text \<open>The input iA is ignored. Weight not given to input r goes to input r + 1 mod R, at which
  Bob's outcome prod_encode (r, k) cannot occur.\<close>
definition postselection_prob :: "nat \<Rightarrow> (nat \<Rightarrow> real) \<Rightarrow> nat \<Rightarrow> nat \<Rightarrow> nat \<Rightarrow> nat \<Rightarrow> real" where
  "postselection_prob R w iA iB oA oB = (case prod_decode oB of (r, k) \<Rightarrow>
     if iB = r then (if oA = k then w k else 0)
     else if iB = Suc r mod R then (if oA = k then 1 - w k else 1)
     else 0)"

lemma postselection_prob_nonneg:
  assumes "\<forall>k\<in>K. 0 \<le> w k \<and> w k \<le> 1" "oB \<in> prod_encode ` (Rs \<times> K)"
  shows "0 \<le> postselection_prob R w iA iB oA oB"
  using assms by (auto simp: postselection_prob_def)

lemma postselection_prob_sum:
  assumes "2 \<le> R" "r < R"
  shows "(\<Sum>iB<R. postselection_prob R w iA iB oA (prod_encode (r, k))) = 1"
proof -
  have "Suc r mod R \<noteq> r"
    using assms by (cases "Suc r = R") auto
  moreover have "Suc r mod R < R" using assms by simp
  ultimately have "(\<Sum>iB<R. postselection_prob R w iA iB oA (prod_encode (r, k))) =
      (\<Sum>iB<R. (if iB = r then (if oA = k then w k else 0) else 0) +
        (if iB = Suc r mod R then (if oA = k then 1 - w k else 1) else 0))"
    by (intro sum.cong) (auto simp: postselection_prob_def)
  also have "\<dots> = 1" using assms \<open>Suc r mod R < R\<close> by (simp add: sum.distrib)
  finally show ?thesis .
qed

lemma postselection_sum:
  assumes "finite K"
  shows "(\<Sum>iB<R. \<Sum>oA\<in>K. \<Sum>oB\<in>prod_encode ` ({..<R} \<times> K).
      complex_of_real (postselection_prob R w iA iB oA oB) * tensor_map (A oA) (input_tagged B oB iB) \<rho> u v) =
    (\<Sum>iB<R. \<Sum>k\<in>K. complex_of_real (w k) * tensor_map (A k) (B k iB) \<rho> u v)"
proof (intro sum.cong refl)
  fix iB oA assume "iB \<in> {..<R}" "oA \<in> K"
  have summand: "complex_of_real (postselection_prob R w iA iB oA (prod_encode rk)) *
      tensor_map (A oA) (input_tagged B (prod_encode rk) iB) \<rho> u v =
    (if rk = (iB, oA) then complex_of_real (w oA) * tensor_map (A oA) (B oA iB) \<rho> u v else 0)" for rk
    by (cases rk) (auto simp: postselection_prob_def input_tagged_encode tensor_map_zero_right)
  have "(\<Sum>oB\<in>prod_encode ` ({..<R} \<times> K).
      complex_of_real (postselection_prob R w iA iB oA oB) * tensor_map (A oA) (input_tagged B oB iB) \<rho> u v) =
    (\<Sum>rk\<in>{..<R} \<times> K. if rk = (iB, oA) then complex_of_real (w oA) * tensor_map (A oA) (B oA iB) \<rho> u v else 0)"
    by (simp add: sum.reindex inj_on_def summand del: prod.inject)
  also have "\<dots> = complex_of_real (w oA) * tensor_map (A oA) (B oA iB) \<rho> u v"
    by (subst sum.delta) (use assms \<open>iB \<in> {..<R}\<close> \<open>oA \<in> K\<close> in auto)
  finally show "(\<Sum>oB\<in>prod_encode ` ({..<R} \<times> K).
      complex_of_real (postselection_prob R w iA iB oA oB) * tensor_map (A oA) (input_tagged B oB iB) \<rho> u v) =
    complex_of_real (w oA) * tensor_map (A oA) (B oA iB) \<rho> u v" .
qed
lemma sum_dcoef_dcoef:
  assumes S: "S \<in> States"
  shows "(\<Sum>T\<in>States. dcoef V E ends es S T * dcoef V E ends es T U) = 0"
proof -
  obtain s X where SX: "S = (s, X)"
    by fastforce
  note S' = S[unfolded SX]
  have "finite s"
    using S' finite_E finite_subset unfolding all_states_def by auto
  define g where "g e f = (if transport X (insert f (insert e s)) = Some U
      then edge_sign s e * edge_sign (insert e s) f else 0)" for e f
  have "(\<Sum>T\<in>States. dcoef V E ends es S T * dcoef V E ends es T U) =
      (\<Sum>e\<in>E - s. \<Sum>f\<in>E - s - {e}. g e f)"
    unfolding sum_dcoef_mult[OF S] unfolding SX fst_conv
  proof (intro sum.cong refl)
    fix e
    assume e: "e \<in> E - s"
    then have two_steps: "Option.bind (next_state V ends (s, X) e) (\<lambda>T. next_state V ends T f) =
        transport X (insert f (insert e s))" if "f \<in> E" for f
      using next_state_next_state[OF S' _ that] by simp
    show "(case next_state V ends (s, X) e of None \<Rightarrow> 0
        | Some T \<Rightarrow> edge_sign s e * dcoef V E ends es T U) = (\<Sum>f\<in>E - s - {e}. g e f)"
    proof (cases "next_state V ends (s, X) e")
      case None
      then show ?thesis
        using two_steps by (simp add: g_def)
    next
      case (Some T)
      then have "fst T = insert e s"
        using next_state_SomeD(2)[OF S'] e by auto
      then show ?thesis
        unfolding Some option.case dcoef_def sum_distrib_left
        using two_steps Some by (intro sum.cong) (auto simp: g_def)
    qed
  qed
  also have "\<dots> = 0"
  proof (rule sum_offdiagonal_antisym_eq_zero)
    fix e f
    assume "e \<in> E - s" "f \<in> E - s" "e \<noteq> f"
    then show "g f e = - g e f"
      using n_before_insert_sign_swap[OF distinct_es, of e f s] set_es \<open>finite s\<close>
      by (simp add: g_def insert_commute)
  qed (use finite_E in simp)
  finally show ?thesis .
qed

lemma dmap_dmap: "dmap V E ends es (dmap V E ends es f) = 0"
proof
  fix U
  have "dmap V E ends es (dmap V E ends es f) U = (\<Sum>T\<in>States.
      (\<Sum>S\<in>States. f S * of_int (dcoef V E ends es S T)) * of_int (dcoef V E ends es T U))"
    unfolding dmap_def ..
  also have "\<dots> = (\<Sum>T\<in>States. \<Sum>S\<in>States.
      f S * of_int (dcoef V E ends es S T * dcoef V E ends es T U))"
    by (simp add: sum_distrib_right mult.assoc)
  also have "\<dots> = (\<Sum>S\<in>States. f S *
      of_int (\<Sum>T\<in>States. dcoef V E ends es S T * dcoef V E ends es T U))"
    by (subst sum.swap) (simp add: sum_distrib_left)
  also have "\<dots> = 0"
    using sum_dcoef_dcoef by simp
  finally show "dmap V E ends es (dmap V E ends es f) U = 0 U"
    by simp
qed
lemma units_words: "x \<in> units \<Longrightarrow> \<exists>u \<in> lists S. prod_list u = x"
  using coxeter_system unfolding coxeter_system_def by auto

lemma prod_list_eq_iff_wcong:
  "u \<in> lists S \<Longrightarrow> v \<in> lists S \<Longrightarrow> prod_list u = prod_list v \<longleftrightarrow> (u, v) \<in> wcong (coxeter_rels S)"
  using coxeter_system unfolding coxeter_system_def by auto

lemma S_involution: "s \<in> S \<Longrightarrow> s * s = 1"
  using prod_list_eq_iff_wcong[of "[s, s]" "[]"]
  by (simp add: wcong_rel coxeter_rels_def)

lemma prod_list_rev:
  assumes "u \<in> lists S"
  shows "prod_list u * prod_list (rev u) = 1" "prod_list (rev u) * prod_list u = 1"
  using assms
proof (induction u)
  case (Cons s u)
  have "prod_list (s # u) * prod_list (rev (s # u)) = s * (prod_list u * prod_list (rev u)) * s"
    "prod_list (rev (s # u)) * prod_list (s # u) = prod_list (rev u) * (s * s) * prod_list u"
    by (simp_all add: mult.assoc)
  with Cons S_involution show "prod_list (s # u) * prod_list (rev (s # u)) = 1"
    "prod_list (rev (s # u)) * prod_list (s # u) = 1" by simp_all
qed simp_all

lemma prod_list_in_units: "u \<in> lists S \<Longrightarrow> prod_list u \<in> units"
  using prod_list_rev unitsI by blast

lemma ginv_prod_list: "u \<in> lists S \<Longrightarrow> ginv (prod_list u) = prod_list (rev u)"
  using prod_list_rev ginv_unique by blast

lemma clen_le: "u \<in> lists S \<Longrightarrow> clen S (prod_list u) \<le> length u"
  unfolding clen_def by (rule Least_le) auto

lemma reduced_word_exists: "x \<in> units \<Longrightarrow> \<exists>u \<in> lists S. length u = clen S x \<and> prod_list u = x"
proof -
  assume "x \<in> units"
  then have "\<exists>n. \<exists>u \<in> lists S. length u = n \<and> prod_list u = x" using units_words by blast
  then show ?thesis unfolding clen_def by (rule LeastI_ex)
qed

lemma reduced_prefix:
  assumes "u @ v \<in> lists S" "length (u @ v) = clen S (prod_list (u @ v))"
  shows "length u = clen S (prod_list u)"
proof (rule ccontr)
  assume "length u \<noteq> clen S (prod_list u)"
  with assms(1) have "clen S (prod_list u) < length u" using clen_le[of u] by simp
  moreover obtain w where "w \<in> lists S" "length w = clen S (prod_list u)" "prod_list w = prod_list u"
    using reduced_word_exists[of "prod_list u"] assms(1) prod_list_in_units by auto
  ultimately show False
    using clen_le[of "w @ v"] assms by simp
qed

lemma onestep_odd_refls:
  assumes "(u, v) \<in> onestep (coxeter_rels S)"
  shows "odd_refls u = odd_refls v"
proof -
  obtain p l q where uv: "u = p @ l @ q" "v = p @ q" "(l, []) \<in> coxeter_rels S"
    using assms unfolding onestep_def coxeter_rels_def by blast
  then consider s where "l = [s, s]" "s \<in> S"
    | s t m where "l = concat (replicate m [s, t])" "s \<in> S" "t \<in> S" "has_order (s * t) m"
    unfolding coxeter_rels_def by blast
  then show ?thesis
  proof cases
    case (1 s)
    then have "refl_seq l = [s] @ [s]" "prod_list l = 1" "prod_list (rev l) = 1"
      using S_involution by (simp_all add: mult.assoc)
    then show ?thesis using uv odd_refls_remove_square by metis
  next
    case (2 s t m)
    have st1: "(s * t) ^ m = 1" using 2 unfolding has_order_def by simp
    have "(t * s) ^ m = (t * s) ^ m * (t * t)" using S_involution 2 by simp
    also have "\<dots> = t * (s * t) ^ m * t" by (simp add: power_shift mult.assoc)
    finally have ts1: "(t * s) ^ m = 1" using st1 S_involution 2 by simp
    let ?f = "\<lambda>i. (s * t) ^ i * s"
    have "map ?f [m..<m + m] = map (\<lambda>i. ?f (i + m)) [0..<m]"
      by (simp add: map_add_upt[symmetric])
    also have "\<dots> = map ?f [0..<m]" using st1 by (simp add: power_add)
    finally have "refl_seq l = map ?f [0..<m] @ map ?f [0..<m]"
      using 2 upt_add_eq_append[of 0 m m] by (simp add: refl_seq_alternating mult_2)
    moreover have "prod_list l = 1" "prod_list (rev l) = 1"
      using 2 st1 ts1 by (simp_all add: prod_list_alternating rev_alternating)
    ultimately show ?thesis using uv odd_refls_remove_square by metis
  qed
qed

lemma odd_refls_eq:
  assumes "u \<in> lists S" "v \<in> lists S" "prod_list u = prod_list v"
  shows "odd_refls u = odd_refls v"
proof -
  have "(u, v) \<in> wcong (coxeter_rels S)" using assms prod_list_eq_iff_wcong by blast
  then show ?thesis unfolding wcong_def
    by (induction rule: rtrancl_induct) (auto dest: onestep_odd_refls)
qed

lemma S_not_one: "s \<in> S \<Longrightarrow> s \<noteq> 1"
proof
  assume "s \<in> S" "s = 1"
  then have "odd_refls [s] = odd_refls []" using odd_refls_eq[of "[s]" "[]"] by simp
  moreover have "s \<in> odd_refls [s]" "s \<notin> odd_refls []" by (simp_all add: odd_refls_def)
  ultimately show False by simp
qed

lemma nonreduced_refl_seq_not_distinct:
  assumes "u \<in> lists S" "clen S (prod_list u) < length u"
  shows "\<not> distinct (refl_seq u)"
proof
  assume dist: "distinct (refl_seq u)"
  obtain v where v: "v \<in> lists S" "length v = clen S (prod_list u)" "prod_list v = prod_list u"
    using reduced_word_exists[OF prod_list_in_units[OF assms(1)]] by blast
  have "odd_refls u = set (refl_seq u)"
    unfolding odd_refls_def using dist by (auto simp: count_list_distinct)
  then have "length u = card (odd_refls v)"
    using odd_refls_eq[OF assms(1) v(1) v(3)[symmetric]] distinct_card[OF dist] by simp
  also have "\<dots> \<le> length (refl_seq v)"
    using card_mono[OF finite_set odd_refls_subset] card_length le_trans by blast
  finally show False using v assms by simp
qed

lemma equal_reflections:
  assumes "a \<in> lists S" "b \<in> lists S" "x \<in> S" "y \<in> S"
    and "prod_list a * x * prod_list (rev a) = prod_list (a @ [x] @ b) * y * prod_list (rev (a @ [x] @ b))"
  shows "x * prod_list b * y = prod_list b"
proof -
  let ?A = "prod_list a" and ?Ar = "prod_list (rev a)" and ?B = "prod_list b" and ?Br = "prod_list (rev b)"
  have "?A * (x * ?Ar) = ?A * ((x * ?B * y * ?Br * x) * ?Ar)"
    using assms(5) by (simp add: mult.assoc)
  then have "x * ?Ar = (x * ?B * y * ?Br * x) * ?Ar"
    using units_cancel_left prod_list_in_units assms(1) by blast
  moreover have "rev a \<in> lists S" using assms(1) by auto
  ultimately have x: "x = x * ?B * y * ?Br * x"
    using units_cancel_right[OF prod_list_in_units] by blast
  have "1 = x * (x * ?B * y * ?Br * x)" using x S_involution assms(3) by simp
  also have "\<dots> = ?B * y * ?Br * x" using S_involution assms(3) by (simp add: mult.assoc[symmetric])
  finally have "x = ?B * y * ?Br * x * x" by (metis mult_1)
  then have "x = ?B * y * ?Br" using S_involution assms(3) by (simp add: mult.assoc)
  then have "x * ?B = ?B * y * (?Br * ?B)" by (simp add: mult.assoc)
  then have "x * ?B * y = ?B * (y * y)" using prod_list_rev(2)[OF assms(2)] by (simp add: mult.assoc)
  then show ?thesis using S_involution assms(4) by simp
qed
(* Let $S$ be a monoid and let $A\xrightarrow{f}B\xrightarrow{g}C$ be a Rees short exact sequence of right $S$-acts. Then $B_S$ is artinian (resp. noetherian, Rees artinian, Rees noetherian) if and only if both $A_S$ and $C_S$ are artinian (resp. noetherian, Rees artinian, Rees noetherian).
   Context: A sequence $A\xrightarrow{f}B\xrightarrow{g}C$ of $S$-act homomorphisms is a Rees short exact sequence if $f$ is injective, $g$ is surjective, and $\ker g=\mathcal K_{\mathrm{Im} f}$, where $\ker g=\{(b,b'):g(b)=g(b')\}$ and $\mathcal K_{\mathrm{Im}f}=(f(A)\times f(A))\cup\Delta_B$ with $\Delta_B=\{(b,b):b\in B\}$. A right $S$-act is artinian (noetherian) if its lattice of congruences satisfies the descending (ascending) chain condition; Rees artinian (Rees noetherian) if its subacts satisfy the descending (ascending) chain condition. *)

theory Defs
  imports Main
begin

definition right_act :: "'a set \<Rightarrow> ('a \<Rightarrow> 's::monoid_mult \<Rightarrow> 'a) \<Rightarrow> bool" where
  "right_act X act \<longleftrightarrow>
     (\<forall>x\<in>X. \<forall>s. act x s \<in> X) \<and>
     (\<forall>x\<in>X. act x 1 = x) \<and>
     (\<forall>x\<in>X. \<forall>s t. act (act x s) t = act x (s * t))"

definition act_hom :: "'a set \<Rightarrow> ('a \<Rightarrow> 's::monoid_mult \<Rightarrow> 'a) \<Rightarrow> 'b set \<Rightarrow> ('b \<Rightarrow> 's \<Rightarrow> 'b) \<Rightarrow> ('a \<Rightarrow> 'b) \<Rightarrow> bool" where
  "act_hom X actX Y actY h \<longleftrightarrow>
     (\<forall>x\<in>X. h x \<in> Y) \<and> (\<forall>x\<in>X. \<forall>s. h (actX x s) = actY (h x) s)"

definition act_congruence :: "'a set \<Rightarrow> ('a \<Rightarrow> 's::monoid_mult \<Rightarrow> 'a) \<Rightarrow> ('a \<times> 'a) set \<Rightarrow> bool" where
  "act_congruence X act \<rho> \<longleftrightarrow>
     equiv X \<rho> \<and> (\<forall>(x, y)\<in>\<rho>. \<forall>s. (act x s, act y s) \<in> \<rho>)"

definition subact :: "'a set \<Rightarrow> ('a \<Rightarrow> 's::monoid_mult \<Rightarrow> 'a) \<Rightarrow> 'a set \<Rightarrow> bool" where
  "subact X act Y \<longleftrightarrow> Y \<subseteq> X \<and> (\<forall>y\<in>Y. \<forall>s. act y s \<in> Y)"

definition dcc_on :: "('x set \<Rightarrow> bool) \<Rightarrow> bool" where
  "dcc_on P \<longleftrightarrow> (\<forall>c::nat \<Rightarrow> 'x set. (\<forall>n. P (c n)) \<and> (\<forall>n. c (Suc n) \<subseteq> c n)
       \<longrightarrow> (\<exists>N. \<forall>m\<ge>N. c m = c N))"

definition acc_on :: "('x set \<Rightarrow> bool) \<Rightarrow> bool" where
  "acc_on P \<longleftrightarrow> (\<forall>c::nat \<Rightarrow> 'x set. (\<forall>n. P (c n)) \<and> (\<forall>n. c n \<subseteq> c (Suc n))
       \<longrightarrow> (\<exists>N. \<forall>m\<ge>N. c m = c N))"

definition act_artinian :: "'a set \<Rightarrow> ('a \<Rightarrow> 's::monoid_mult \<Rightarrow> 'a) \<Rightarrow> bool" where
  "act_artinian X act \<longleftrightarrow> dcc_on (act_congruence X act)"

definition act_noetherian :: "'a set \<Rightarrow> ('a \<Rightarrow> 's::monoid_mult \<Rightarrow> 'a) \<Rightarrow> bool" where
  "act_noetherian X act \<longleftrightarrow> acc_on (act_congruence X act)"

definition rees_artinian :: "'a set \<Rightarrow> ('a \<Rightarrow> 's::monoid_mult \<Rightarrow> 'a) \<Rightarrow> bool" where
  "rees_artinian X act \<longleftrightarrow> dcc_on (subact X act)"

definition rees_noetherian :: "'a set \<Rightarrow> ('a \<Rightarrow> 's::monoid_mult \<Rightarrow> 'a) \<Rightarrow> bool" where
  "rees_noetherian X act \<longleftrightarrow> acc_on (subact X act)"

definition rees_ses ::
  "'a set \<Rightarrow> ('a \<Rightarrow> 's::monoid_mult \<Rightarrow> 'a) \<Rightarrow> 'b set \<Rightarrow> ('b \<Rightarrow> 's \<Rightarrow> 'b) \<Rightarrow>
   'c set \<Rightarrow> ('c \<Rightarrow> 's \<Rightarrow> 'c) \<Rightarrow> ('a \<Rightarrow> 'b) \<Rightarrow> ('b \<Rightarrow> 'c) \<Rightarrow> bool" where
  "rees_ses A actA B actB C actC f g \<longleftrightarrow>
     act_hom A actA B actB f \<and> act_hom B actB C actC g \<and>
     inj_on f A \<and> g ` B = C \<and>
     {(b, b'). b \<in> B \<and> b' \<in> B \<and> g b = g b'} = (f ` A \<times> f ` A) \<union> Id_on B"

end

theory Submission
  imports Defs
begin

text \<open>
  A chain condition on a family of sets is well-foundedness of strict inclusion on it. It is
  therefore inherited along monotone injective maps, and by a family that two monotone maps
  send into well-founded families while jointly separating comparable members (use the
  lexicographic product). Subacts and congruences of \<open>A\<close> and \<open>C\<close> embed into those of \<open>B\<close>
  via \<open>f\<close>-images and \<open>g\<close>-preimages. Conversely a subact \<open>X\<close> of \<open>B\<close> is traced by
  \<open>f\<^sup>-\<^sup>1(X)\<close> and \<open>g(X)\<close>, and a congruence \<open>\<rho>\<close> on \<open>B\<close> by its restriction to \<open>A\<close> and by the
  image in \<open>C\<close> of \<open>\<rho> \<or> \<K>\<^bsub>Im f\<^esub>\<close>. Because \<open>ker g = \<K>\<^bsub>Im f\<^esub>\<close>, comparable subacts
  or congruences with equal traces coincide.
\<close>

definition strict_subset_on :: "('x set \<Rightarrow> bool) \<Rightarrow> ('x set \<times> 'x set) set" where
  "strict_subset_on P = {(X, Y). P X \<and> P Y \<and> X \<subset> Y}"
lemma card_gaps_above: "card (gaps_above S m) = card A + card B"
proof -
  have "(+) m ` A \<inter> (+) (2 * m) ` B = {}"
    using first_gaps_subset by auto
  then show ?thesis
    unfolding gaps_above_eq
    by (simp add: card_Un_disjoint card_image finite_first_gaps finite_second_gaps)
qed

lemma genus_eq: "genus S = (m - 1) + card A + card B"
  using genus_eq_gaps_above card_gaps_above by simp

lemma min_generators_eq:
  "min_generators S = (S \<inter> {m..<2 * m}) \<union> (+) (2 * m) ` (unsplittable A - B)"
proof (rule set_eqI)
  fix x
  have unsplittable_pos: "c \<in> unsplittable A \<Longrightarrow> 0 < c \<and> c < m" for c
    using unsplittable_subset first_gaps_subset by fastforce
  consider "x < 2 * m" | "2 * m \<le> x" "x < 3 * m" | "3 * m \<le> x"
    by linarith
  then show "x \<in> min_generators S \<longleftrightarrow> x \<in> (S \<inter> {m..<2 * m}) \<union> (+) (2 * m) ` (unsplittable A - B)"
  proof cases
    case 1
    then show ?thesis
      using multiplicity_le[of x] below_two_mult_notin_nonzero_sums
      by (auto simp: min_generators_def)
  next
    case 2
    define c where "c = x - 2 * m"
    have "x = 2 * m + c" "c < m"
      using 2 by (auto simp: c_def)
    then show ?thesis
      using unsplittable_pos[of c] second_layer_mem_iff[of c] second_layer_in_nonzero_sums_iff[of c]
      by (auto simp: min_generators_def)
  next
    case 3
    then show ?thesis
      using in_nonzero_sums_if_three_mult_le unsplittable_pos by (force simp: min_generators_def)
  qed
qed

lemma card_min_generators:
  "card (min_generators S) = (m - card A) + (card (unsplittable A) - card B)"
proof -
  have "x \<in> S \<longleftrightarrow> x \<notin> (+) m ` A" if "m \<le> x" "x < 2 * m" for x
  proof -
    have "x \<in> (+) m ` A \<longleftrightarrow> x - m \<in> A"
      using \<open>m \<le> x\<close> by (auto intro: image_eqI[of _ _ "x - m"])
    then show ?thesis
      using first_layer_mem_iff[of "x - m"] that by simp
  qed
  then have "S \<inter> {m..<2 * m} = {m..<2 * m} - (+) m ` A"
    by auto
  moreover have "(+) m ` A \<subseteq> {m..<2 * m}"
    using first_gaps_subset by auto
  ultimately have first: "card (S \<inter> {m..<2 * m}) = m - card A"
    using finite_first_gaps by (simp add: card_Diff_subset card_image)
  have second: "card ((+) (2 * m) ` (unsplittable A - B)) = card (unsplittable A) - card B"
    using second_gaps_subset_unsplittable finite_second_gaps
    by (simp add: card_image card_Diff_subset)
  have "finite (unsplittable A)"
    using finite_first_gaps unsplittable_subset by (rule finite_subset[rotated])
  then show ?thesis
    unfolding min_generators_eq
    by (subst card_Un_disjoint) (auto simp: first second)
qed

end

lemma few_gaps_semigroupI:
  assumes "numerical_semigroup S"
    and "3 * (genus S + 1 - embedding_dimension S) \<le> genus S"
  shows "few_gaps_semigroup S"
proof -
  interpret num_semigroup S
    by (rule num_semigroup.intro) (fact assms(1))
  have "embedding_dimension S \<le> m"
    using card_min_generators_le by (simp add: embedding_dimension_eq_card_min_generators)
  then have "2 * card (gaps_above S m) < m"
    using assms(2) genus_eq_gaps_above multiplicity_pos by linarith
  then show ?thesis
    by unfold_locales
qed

______________________________

**WHAT YOU ARE ASKED TO DO:** Quote the records from their first line to the line with "(if iB = Suc", inclusive, without adding or dropping anything.

**RESPONSE TO THIS TASK:**
text \<open>The input iA is ignored. Weight not given to input r goes to input r + 1 mod R, at which
  Bob's outcome prod_encode (r, k) cannot occur.\<close>
definition postselection_prob :: "nat \<Rightarrow> (nat \<Rightarrow> real) \<Rightarrow> nat \<Rightarrow> nat \<Rightarrow> nat \<Rightarrow> nat \<Rightarrow> real" where
  "postselection_prob R w iA iB oA oB = (case prod_decode oB of (r, k) \<Rightarrow>
     if iB = r then (if oA = k then w k else 0)
     else if iB = Suc r mod R then (if oA = k then 1 - w k else 1)
     else 0)"

lemma postselection_prob_nonneg:
  assumes "\<forall>k\<in>K. 0 \<le> w k \<and> w k \<le> 1" "oB \<in> prod_encode ` (Rs \<times> K)"
  shows "0 \<le> postselection_prob R w iA iB oA oB"
  using assms by (auto simp: postselection_prob_def)

lemma postselection_prob_sum:
  assumes "2 \<le> R" "r < R"
  shows "(\<Sum>iB<R. postselection_prob R w iA iB oA (prod_encode (r, k))) = 1"
proof -
  have "Suc r mod R \<noteq> r"
    using assms by (cases "Suc r = R") auto
  moreover have "Suc r mod R < R" using assms by simp
  ultimately have "(\<Sum>iB<R. postselection_prob R w iA iB oA (prod_encode (r, k))) =
      (\<Sum>iB<R. (if iB = r then (if oA = k then w k else 0) else 0) +
        (if iB = Suc r mod R then (if oA = k then 1 - w k else 1) else 0))"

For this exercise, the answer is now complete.